Я с блаженством почувствовал, как проваливаюсь в дремоту.
***
Утром проснулся рано. За окном висела луна над черным лесом. Задремать вновь никак не получалось. Печник еще не растопил камины, и щеки мои покрылись мурашками.
Осторожно вошел старый лакей со свечей. Принес мне чистую рубаху и чулки. Увидев сорванную гардину и собаку, мирно спавшую на дорогих бархатных шторах, он горестно воскликнул:
– Матильда, как ты посмела? Что же ты натворила!
Псина недовольно зарычала, поднялась и не спеша, вышла из комнаты.
– Что это за собака? – спросил я.
– Любимая гончая покойного барина, – объяснил лакей. – С ней на зайцев ходили. Шустрая, никогда добычу не упустит. Петр Васильевич любил ее сильно, позволял у себя в кабинете спать. Не стало барина, – прослезился он, – и сука его любимая тоскует. Вон, что творит. Надо же, шторы оборвала, – и добавил. – Вы отдыхайте, барин. Еще рано. Утренний сон – самый нежный.
Он заметил кота.
– И этот разбойник здесь! Маркиз, ты как посмел сюда пробраться? Да еще на подушке развалился. Не стыдно ли? Это тоже кот Петра Васильевича. Всегда в его кабинете ошивался. Странно, что это они сегодня ночью к вам пришли?
– Не знаю, – пожал я плечами.
Я собрал волю в кулак и выскочил из-под одеяла. Быстренько натянул холодную одежду и побежал на кухню, откуда тянуло свежей колбасой и специями.
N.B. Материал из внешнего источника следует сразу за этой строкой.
(* Let $(W,\bar W)$ be a solution of the $q$-Sato equation (see context). For a constant $\lambda\in\mathbb{C}^\times$ and constant diagonal matrices $D(\alpha)=\mathrm{diag}[\alpha_1,\dots,\alpha_N]$, $D(\beta)=\mathrm{diag}[\beta_1,\dots,\beta_N]$, define $$W_\lambda(\Lambda;s,\underline{x})=\lambda^{s+D(\alpha)}\circ W(\Lambda;s,\underline{x}_\lambda)\circ\lambda^{-s-D(\alpha)},\qquad \bar W_\lambda(\Lambda;s,\underline{x})=\lambda^{s+D(\alpha)}\circ\bar W(\Lambda;s,\underline{x}_\lambda)\circ\lambda^{-s-D(\beta)},$$ where $\underline{x}_\lambda=\{\lambda^nx_n^{(k)}\ (n\ge1,\ k=1,\dots,N)\}$ and $\lambda^{\pm(s+D(\alpha))}$ denotes the operator of multiplication by $\mathrm{diag}[\lambda^{\pm(s+\alpha_1)},\dots,\lambda^{\pm(s+\alpha_N)}]$ (similarly for $\beta$). Then $(W_\lambda,\bar W_\lambda)$ is also a solution of the $q$-Sato equation.
   Context: Fix $q\in\mathbb{C}$ with $|q|>1$ and $N\ge1$. Let $s\in\mathbb{Z}$ be a discrete variable and $\underline{x}=\{x_n^{(k)}: n\ge1,\ k=1,\dots,N\}$ continuous variables. $\Lambda$ is the shift operator $\Lambda f(s)=f(s+1)$; $T_q(x_n^{(k)})$ is the $q$-shift $x_n^{(k)}\mapsto qx_n^{(k)}$, and $\mathcal{D}_q(x)f(x)=(f(x)-f(qx))/x$; these act on operators coefficientwise. $I_k=[\delta_{ij}\delta_{ik}]_{1\le i,j\le N}$. The Sato–Wilson operators are $W(\Lambda;s,\underline{x})=I+\sum_{i\ge1}W_i(s;\underline{x})\Lambda^{-i}$ and $\bar W(\Lambda;s,\underline{x})=\sum_{j\ge0}\bar W_j(s;\underline{x})\Lambda^j$, with $N\times N$ matrix coefficients and $\bar W_0$ invertible. For $A=\sum_nA_n\Lambda^n$ put $[A]_{\ge0}=\sum_{n\ge0}A_n\Lambda^n$. The $q$-Sato equation: for all $n\ge1$, $k=1,\dots,N$ and $\widetilde W\in\{W,\bar W\}$, $$\mathcal{D}_q(x_n^{(k)})\widetilde W=\Big[\big(T_q(x_n^{(k)})W\big)I_k\Lambda^nW^{-1}\Big]_{\ge0}\widetilde W-\big(T_q(x_n^{(k)})\widetilde W\big)I_k\Lambda^n.$$ *)

theory Defs
  imports "HOL-Analysis.Analysis"
begin
lemma two_cycle_factors_separate_rows:
  assumes "two_cycle_factor n S1" and "two_cycle_factor n S2"
  obtains x y where "cycles_separate_rows n S1 x y" and "cycles_separate_rows n S2 x y"
proof -
  obtain C1 C2 where C: "C1 \<inter> C2 = {}" "S1 = C1 \<union> C2" "bip_cycle n n C1" "bip_cycle n n C2"
    and "two_factor n (C1 \<union> C2)"
    using assms(1) unfolding two_cycle_factor_def by blast
  obtain D1 D2 where D: "D1 \<inter> D2 = {}" "S2 = D1 \<union> D2" "bip_cycle n n D1" "bip_cycle n n D2"
    and "two_factor n (D1 \<union> D2)"
    using assms(2) unfolding two_cycle_factor_def by blast
  have "card (fst ` C1) = card (fst ` C2)" "card (fst ` D1) = card (fst ` D2)"
    using bip_cycle_card_rows[OF C(3)] bip_cycle_card_rows[OF C(4)]
      bip_cycle_card_rows[OF D(3)] bip_cycle_card_rows[OF D(4)] by simp_all
  moreover have "fst ` C1 \<noteq> {}"
    using bip_cycle_card_rows[OF C(3)] bip_cycle_length[OF C(3)] by auto
  ultimately obtain x y where "x \<in> fst ` C1" "y \<in> fst ` C2"
    and "(x \<in> fst ` D1 \<and> y \<in> fst ` D2) \<or> (x \<in> fst ` D2 \<and> y \<in> fst ` D1)"
    using equal_halves_cross[OF finite_lessThan[of n]
      cycle_pair_rows_partition[OF \<open>two_factor n (C1 \<union> C2)\<close> C(1,3,4)]
      cycle_pair_rows_partition[OF \<open>two_factor n (D1 \<union> D2)\<close> D(1,3,4)]] by blast
  moreover have "cycles_separate_rows n S1 x y"
    using cycles_separate_rowsI[OF C(1-4)] \<open>x \<in> fst ` C1\<close> \<open>y \<in> fst ` C2\<close> by blast
  moreover have "D2 \<inter> D1 = {}" "S2 = D2 \<union> D1" using D(1,2) by blast+
  ultimately show ?thesis
    using that cycles_separate_rowsI[OF D(1-4)] cycles_separate_rowsI[of D2 D1 S2 n, OF _ _ D(4,3)] by blast
qed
Печь пылала. Котел кипел, источая мясной аромат. Перед кухней в коридорчике сидел Степан и с выражением философа попыхивал трубочкой.
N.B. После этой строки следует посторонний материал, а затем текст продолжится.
(* For every $g\ge1$ and every integer $c$ with $0\le c\le\lfloor g/2\rfloor$, the quantity \[ L_{g,p^c}=\prod_{i=1}^{g-2c}(p^i+(-1)^i)\cdot\prod_{i=1}^c(p^{4i-2}-1)\cdot\frac{\prod_{i=1}^g(p^{2i}-1)}{\prod_{i=1}^{2c}(p^{2i}-1)\prod_{i=1}^{g-2c}(p^{2i}-1)} \] is a polynomial in $p$ with coefficients in $\mathbb{Z}$, of degree $(g^2+4gc-8c^2+g-2c)/2$. Moreover, as $c$ ranges over $0\le c\le\lfloor g/2\rfloor$, this degree is minimal exactly for $c=0$ when $g$ is odd and exactly for $c=g/2$ when $g$ is even.
   Context: Here $p$ is regarded as an indeterminate (or a prime). *)

theory Defs
  imports "HOL-Computational_Algebra.Polynomial"
begin

definition numer :: "nat \<Rightarrow> nat \<Rightarrow> int poly" where
  "numer g c =
     (\<Prod>i=1..g-2*c. monom 1 i + [:(-1)^i:]) *
     (\<Prod>i=1..c. monom 1 (4*i-2) - 1) *
     (\<Prod>i=1..g. monom 1 (2*i) - 1)"

definition denom :: "nat \<Rightarrow> nat \<Rightarrow> int poly" where
  "denom g c = (\<Prod>i=1..2*c. monom 1 (2*i) - 1) * (\<Prod>i=1..g-2*c. monom 1 (2*i) - 1)"

text \<open>L g c is the quotient (meaningful as L_{g,p^c} once denom divides numer).\<close>
definition Lpoly :: "nat \<Rightarrow> nat \<Rightarrow> int poly" where
  "Lpoly g c = numer g c div denom g c"

end

theory Submission
  imports Defs
begin

text \<open>With \<open>F n = \<Prod>i=1..n. (p\<^sup>2)\<^sup>i - 1\<close>, the denominator is \<open>F (2c) F (g-2c)\<close> and the last factor
  of the numerator is \<open>F g\<close>; the quotient is a Gaussian binomial coefficient in \<open>p\<^sup>2\<close>, hence an
  integer polynomial. Every factor is monic up to a constant term, so the degree of \<open>L\<^sub>g\<^sub>,\<^sub>c\<close> is
  read off from the exponents, giving twice the degree as \<open>g\<^sup>2 + g + 2c(2g - 4c - 1)\<close>. The term
  \<open>2c(2g - 4c - 1)\<close> is positive for \<open>0 < c \<le> (g-1)/2\<close>, and for \<open>g = 2h\<close> it exceeds its value \<open>-2h\<close> at
  \<open>c = h\<close> by \<open>(h - c)(8c + 2)\<close>.\<close>

definition qfactorial :: "'a::comm_ring_1 \<Rightarrow> nat \<Rightarrow> 'a" where
  "qfactorial q n = (\<Prod>i=1..n. q ^ i - 1)"

lemma qfactorial_0 [simp]: "qfactorial q 0 = 1"
  by (simp add: qfactorial_def)

lemma qfactorial_Suc: "qfactorial q (Suc n) = qfactorial q n * (q ^ Suc n - 1)"
  by (simp add: qfactorial_def prod.nat_ivl_Suc')

text \<open>\<open>qfactorial q n\<close> is \<open>(q - 1)\<^sup>n [n]\<^sub>q!\<close>, so this is the integrality of Gaussian binomial
  coefficients; the induction rests on \<open>q\<^sup>a\<^sup>+\<^sup>b - 1 = q\<^sup>b (q\<^sup>a - 1) + (q\<^sup>b - 1)\<close>.\<close>
lemma qfactorial_mult_dvd_qfactorial_add:
  "qfactorial q a * qfactorial q b dvd qfactorial q (a + b)"
proof (induction "a + b" arbitrary: a b)
  case 0
  then show ?case by simp
next
  case (Suc n)
  show ?case
  proof (cases "a = 0 \<or> b = 0")
    case True
    then show ?thesis by auto
  next
    case False
    then obtain a' b' where a: "a = Suc a'" and b: "b = Suc b'"
      by (meson not0_implies_Suc)
    have n: "n = a' + b" "n = a + b'"
      using Suc.hyps(2) a b by auto
    have split: "qfactorial q (a + b)
        = q ^ b * (qfactorial q n * (q ^ a - 1)) + qfactorial q n * (q ^ b - 1)"
      using Suc.hyps(2) qfactorial_Suc[of q n] by (simp add: algebra_simps power_add)
    have "qfactorial q a * qfactorial q b = qfactorial q a' * qfactorial q b * (q ^ a - 1)"
      by (simp add: a qfactorial_Suc mult_ac)
    then have "qfactorial q a * qfactorial q b dvd qfactorial q n * (q ^ a - 1)"
      using Suc.hyps(1)[OF n(1)] n(1) by (simp add: mult_dvd_mono)
    moreover have "qfactorial q a * qfactorial q b = qfactorial q a * qfactorial q b' * (q ^ b - 1)"
      by (simp add: b qfactorial_Suc mult_ac)
    then have "qfactorial q a * qfactorial q b dvd qfactorial q n * (q ^ b - 1)"
      using Suc.hyps(1)[OF n(2)] n(2) by (simp add: mult_dvd_mono)
    ultimately show ?thesis
      unfolding split by (simp add: dvd_add dvd_mult)
  qed
qed

lemma qfactorial_monom: "qfactorial (monom 1 k) n = (\<Prod>i=1..n. monom 1 (k * i) - 1)"
  by (simp add: qfactorial_def monom_power)

lemma degree_monom_plus_const:
  "n \<ge> 1 \<Longrightarrow> degree (monom (1::'a::comm_ring_1) n + [:a:]) = n"
  by (subst degree_add_eq_left) (auto simp: degree_monom_eq)

lemma diff_one_poly_eq: "(p::'a::comm_ring_1 poly) - 1 = p + [:-1:]"
  by (simp add: one_pCons)

lemma monom_plus_const_nonzero: "n \<ge> 1 \<Longrightarrow> monom (1::'a::comm_ring_1) n + [:a:] \<noteq> 0"
  using degree_monom_plus_const[of n a] by auto

lemma degree_prod_monom_plus_const:
  assumes "\<forall>i\<in>A. f i \<ge> 1"
  shows "degree (\<Prod>i\<in>A. monom (1::'a::idom) (f i) + [:a i:]) = (\<Sum>i\<in>A. f i)"
  using assms
  by (simp add: degree_prod_eq_sum_degree degree_monom_plus_const monom_plus_const_nonzero)

lemma degree_prod_monom_minus_one:
  assumes "\<forall>i\<in>A. f i \<ge> 1"
  shows "degree (\<Prod>i\<in>A. monom (1::'a::idom) (f i) - 1) = (\<Sum>i\<in>A. f i)"
  unfolding diff_one_poly_eq by (rule degree_prod_monom_plus_const[OF assms])

lemma prod_monom_plus_const_nonzero:
  assumes "\<forall>i\<in>A. f i \<ge> 1"
  shows "(\<Prod>i\<in>A. monom (1::'a::idom) (f i) + [:a i:]) \<noteq> 0"
  using assms monom_plus_const_nonzero by (cases "finite A") auto

lemma prod_monom_minus_one_nonzero:
  assumes "\<forall>i\<in>A. f i \<ge> 1"
  shows "(\<Prod>i\<in>A. monom (1::'a::idom) (f i) - 1) \<noteq> 0"
  unfolding diff_one_poly_eq by (rule prod_monom_plus_const_nonzero[OF assms])

lemma degree_div_add_degree:
  fixes a b :: "'a::idom_divide poly"
  assumes "b dvd a" "a \<noteq> 0"
  shows "degree (a div b) + degree b = degree a"
proof -
  have a: "a = b * (a div b)"
    using assms(1) by simp
  with assms(2) have "b \<noteq> 0" "a div b \<noteq> 0"
    by auto
  then have "degree (b * (a div b)) = degree b + degree (a div b)"
    by (rule degree_mult_eq)
  then show ?thesis
    using a by simp
qed

lemma twice_degree_prod_monom_plus_const:
  "2 * degree (\<Prod>i=1..n. monom (1::'a::idom) i + [:a i:]) = n * (n + 1)"
  using double_gauss_sum_from_Suc_0[of n, where 'a = nat]
  by (simp add: degree_prod_monom_plus_const)

lemma twice_degree_qfactorial_monom:
  "2 * degree (qfactorial (monom (1::'a::idom) k) n) = k * n * (n + 1)"
proof (cases "k = 0")
  case True
  then show ?thesis by (simp add: qfactorial_def power_0_left)
next
  case False
  then have degree: "degree (qfactorial (monom (1::'a) k) n) = k * (\<Sum>i=1..n. i)"
    by (simp add: qfactorial_monom degree_prod_monom_minus_one sum_distrib_left)
  have "2 * (\<Sum>i=1..n. i) = n * (n + 1)"
    using double_gauss_sum_from_Suc_0[of n, where 'a = nat] by simp
  then show ?thesis
    unfolding degree by (metis mult.assoc mult.left_commute)
qed

lemma degree_prod_monom_4i_minus_2:
  "degree (\<Prod>i=1..n. monom (1::'a::idom) (4 * i - 2) - 1) = 2 * n\<^sup>2"
proof -
  have "(\<Sum>i=1..n. 4 * i - 2) = 2 * n\<^sup>2"
    by (induction n) (auto simp: power2_eq_square algebra_simps)
  moreover have "\<forall>i\<in>{1..n}. 4 * i - 2 \<ge> 1"
    by auto
  ultimately show ?thesis
    using degree_prod_monom_minus_one[of "{1..n}" "\<lambda>i. 4 * i - 2"] by simp
qed

lemma numer_eq_qfactorial:
  "numer g c = (\<Prod>i=1..g-2*c. monom 1 i + [:(-1)^i:]) * (\<Prod>i=1..c. monom 1 (4*i-2) - 1)
     * qfactorial (monom 1 2) g"
  by (simp add: numer_def qfactorial_monom)

lemma denom_eq_qfactorial:
  "denom g c = qfactorial (monom 1 2) (2*c) * qfactorial (monom 1 2) (g-2*c)"
  by (simp add: denom_def qfactorial_monom)

lemma denom_dvd_numer:
  assumes "2 * c \<le> g"
  shows "denom g c dvd numer g c"
proof -
  have "denom g c dvd qfactorial (monom 1 2) g"
    using qfactorial_mult_dvd_qfactorial_add[of "monom 1 2" "2*c" "g-2*c"] assms
    by (simp add: denom_eq_qfactorial)
  then show ?thesis
    unfolding numer_eq_qfactorial by (rule dvd_mult)
qed

lemma numer_nonzero: "numer g c \<noteq> 0"
  unfolding numer_def
  by (intro no_zero_divisors prod_monom_plus_const_nonzero prod_monom_minus_one_nonzero) auto

definition twice_Ldegree :: "nat \<Rightarrow> nat \<Rightarrow> int" where
  "twice_Ldegree g c = int g ^ 2 + 4 * int g * int c - 8 * int c ^ 2 + int g - 2 * int c"

lemma twice_degree_Lpoly:
  assumes "2 * c \<le> g"
  shows "2 * int (degree (Lpoly g c)) = twice_Ldegree g c"
proof -
  define m where "m = g - 2*c"
  define A where "A = (\<Prod>i=1..m. monom (1::int) i + [:(-1)^i:])"
  define B where "B = (\<Prod>i=1..c. monom (1::int) (4*i-2) - 1)"
  define Q where "Q = qfactorial (monom (1::int) 2)"
  have numer: "numer g c = A * B * Q g"
    by (simp add: numer_eq_qfactorial A_def B_def Q_def m_def)
  have denom: "denom g c = Q (2*c) * Q m"
    by (simp add: denom_eq_qfactorial Q_def m_def)
  have "A * B * Q g \<noteq> 0"
    using numer_nonzero numer by metis
  then have "degree (numer g c) = degree A + degree B + degree (Q g)"
    by (simp add: numer degree_mult_eq)
  moreover have "2 * degree A = m * (m + 1)"
    unfolding A_def by (rule twice_degree_prod_monom_plus_const)
  moreover have "degree B = 2 * c\<^sup>2"
    unfolding B_def by (rule degree_prod_monom_4i_minus_2)
  moreover have "2 * degree (Q g) = 2 * g * (g + 1)"
    unfolding Q_def by (rule twice_degree_qfactorial_monom)
  ultimately have degree_numer: "2 * degree (numer g c) = m * (m + 1) + 4 * c\<^sup>2 + 2 * g * (g + 1)"
    by simp
  have "Q (2*c) * Q m \<noteq> 0"
    using denom_dvd_numer[OF assms] numer_nonzero denom by fastforce
  then have "degree (denom g c) = degree (Q (2*c)) + degree (Q m)"
    by (simp add: denom degree_mult_eq)
  moreover have "2 * degree (Q (2*c)) = 2 * (2 * c) * (2 * c + 1)" "2 * degree (Q m) = 2 * m * (m + 1)"
    unfolding Q_def by (rule twice_degree_qfactorial_monom)+
  ultimately have degree_denom: "2 * degree (denom g c) = 2 * (2 * c) * (2 * c + 1) + 2 * m * (m + 1)"
    by simp
  have "degree (Lpoly g c) + degree (denom g c) = degree (numer g c)"
    unfolding Lpoly_def using denom_dvd_numer[OF assms] numer_nonzero
    by (rule degree_div_add_degree)
  then have "2 * int (degree (Lpoly g c))
      = int (m * (m + 1) + 4 * c\<^sup>2 + 2 * g * (g + 1)) - int (2 * (2 * c) * (2 * c + 1) + 2 * m * (m + 1))"
    using degree_numer degree_denom by linarith
  moreover have "int g = 2 * int c + int m"
    using assms by (simp add: m_def)
  ultimately show ?thesis
    unfolding twice_Ldegree_def by (simp add: algebra_simps power2_eq_square)
qed

lemma twice_Ldegree_strict_argmin:
  assumes "c \<le> g div 2" and "c \<noteq> (if odd g then 0 else g div 2)"
  shows "twice_Ldegree g (if odd g then 0 else g div 2) < twice_Ldegree g c"
proof (cases "odd g")
  case True
  then have "1 \<le> c" "4 * int c + 2 \<le> 2 * int g"
    using assms by (auto elim!: oddE)
  then have "0 < (2 * int c) * (2 * int g - 4 * int c - 1)"
    by simp
  with True show ?thesis
    by (simp add: twice_Ldegree_def algebra_simps power2_eq_square)
next
  case False
  then obtain h where g: "g = 2 * h"
    by blast
  with False assms have "c < h"
    by simp
  then have "0 < (int h - int c) * (8 * int c + 2)"
    by simp
  with g show ?thesis
    by (simp add: twice_Ldegree_def algebra_simps power2_eq_square)
qed

theorem lemma3p2:
  fixes g :: nat
  assumes "g \<ge> 1"
  shows "(\<forall>c \<le> g div 2.
            denom g c dvd numer g c \<and>
            2 * int (degree (Lpoly g c)) =
              int g ^ 2 + 4 * int g * int c - 8 * int c ^ 2 + int g - 2 * int c)
       \<and> (\<forall>c \<le> g div 2. c \<noteq> (if odd g then 0 else g div 2) \<longrightarrow>
            degree (Lpoly g (if odd g then 0 else g div 2)) < degree (Lpoly g c))"
proof (intro conjI allI impI)
  fix c
  assume "c \<le> g div 2"
  then have c: "2 * c \<le> g"
    by simp
  show "denom g c dvd numer g c"
    using denom_dvd_numer[OF c] .
  show "2 * int (degree (Lpoly g c)) =
      int g ^ 2 + 4 * int g * int c - 8 * int c ^ 2 + int g - 2 * int c"
    using twice_degree_Lpoly[OF c] by (simp add: twice_Ldegree_def)
next
  fix c
  define c\<^sub>0 where "c\<^sub>0 = (if odd g then 0 else g div 2)"
  assume "c \<le> g div 2" "c \<noteq> (if odd g then 0 else g div 2)"
  then have "twice_Ldegree g c\<^sub>0 < twice_Ldegree g c"
    unfolding c\<^sub>0_def by (rule twice_Ldegree_strict_argmin)
  moreover have "2 * c\<^sub>0 \<le> g" "2 * c \<le> g"
    using \<open>c \<le> g div 2\<close> by (auto simp: c\<^sub>0_def)
  ultimately have "2 * int (degree (Lpoly g c\<^sub>0)) < 2 * int (degree (Lpoly g c))"
    by (simp add: twice_degree_Lpoly)
  then show "degree (Lpoly g (if odd g then 0 else g div 2)) < degree (Lpoly g c)"
    unfolding c\<^sub>0_def[symmetric] by simp
qed

end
– Барин, Александр Андреевич, вы чего в такую рань? – удивился он, встал, накинул мне на плечи серый колючий плед. – Кофею али чаю искушать изволите?
– Чаю бы, – попросил я.
– Эй, Семен! – окликнул он буфетчика, суетящегося перед котлом. – Чаю сооруди, да варенье клубничное посмотри, и не прошлогоднее. Хлеба свежего с маслом… Давай, живее, – обернулся ко мне. – Может, колбаски желаете. Вон, наварили сколько.
– Нет, спасибо, я только чаю, согреться.
– Сейчас Семен все сделает, а я пойду корму задам коням.
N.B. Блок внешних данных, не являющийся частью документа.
lemma radial_uniform_limit_upto_powr:
  assumes "continuous_on K c"
  shows "radial_uniform_limit_upto N K (\<lambda>j \<xi> r. c \<xi> * r powr e) (\<lambda>\<xi> r. c \<xi> * r powr e)"
  using assms
proof (induction N arbitrary: c e)
  case 0
  have "continuous_on (K \<times> {1/2..1}) (\<lambda>z. c (fst z) * snd z powr e)"
    by (intro continuous_intros continuous_on_compose2[OF 0]) auto
  then show ?case by (simp add: continuous_uniform_limit_const)
next
  case (Suc N)
  have "radial_derivative_on K (\<lambda>\<xi> r. c \<xi> * r powr e) (\<lambda>\<xi> r. (c \<xi> * e) * r powr (e - 1))"
    unfolding radial_derivative_on_def by (auto intro!: derivative_eq_intros)
  moreover have "radial_uniform_limit_upto N K (\<lambda>j \<xi> r. (c \<xi> * e) * r powr (e - 1))
      (\<lambda>\<xi> r. (c \<xi> * e) * r powr (e - 1))"
    using Suc by (intro Suc.IH continuous_intros)
  moreover have "radial_uniform_limit_upto 0 K (\<lambda>j \<xi> r. c \<xi> * r powr e) (\<lambda>\<xi> r. c \<xi> * r powr e)"
    using Suc.prems by (rule Suc.IH[THEN radial_uniform_limit_upto_0])
  ultimately show ?case by auto
qed

lemma radial_uniform_limit_upto_const:
  assumes "continuous_on K c"
  shows "radial_uniform_limit_upto N K (\<lambda>j \<xi> r. c \<xi>) (\<lambda>\<xi> r. c \<xi>)"
  by (rule radial_uniform_limit_upto_cong[OF radial_uniform_limit_upto_powr[OF assms, of N 0]]) auto

definition Dr2_real :: "(real \<Rightarrow> real) \<Rightarrow> real \<Rightarrow> real" where
  "Dr2_real f r = vector_derivative f (at r within {0<..1}) / (2 * r)"

lemma Dr2_funpow_Suc:
  "(Dr2 ^^ Suc N) g r S = vector_derivative (\<lambda>s. (Dr2 ^^ N) g s S) (at r within {0<..1}) / (2 * r)"
  by (simp add: Dr2_def)

lemma Dr2_real_funpow_Suc:
  "(Dr2_real ^^ Suc N) f r = vector_derivative ((Dr2_real ^^ N) f) (at r within {0<..1}) / (2 * r)"
  by (simp add: Dr2_real_def)

lemma Dr2_funpow_apply: "(Dr2 ^^ N) g r S = (Dr2_real ^^ N) (\<lambda>r. g r S) r"
proof (induction N arbitrary: r)
  case (Suc N)
  have "(\<lambda>s. (Dr2 ^^ N) g s S) = (Dr2_real ^^ N) (\<lambda>r. g r S)"
    using Suc.IH by blast
  then show ?case by (simp only: Dr2_funpow_Suc Dr2_real_funpow_Suc)
qed simp

lemma Dr2_real_funpow_cong:
  assumes "\<And>r. r \<in> {0<..1} \<Longrightarrow> f r = g r" "r \<in> {0<..1}"
  shows "(Dr2_real ^^ N) f r = (Dr2_real ^^ N) g r"
  using assms(2)
proof (induction N arbitrary: r)
  case (Suc N)
  have "vector_derivative ((Dr2_real ^^ N) f) (at r within {0<..1})
      = vector_derivative ((Dr2_real ^^ N) g) (at r within {0<..1})"
    using Suc by (intro vector_derivative_cong_eq always_eventually) auto
  then show ?case by (simp only: Dr2_real_funpow_Suc)
qed (use assms in simp)

lemma Dr2_real_eq:
  assumes "r \<in> {0<..1}" "(f has_real_derivative f') (at r within {0<..1})"
  shows "Dr2_real f r = f' * (1/2 * r powr -1)"
proof -
  have "at r within {0<..1} \<noteq> bot"
    using assms(1) by (simp add: trivial_limit_within)
  moreover have "(f has_vector_derivative f') (at r within {0<..1})"
    using assms(2) by (simp add: has_real_derivative_iff_has_vector_derivative)
  ultimately have "vector_derivative f (at r within {0<..1}) = f'"
    by (rule vector_derivative_within)
  then show ?thesis
    using assms(1) by (simp add: Dr2_real_def powr_minus divide_simps)
qed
– Я с тобой, – мне вдруг захотелось еще раз взглянуть на Грома. Удивительный конь. Я до сих пор помнил его гладкую упругую шею, стремительный легкий шаг, силу, которая исходила от гибкого тела…
В конюшне остро пахло мочой.
– Ох, и надули за ночь, – покачал головой Степан. – Надо конюхов кликать, чтобы убрали, да свежее сено постелили.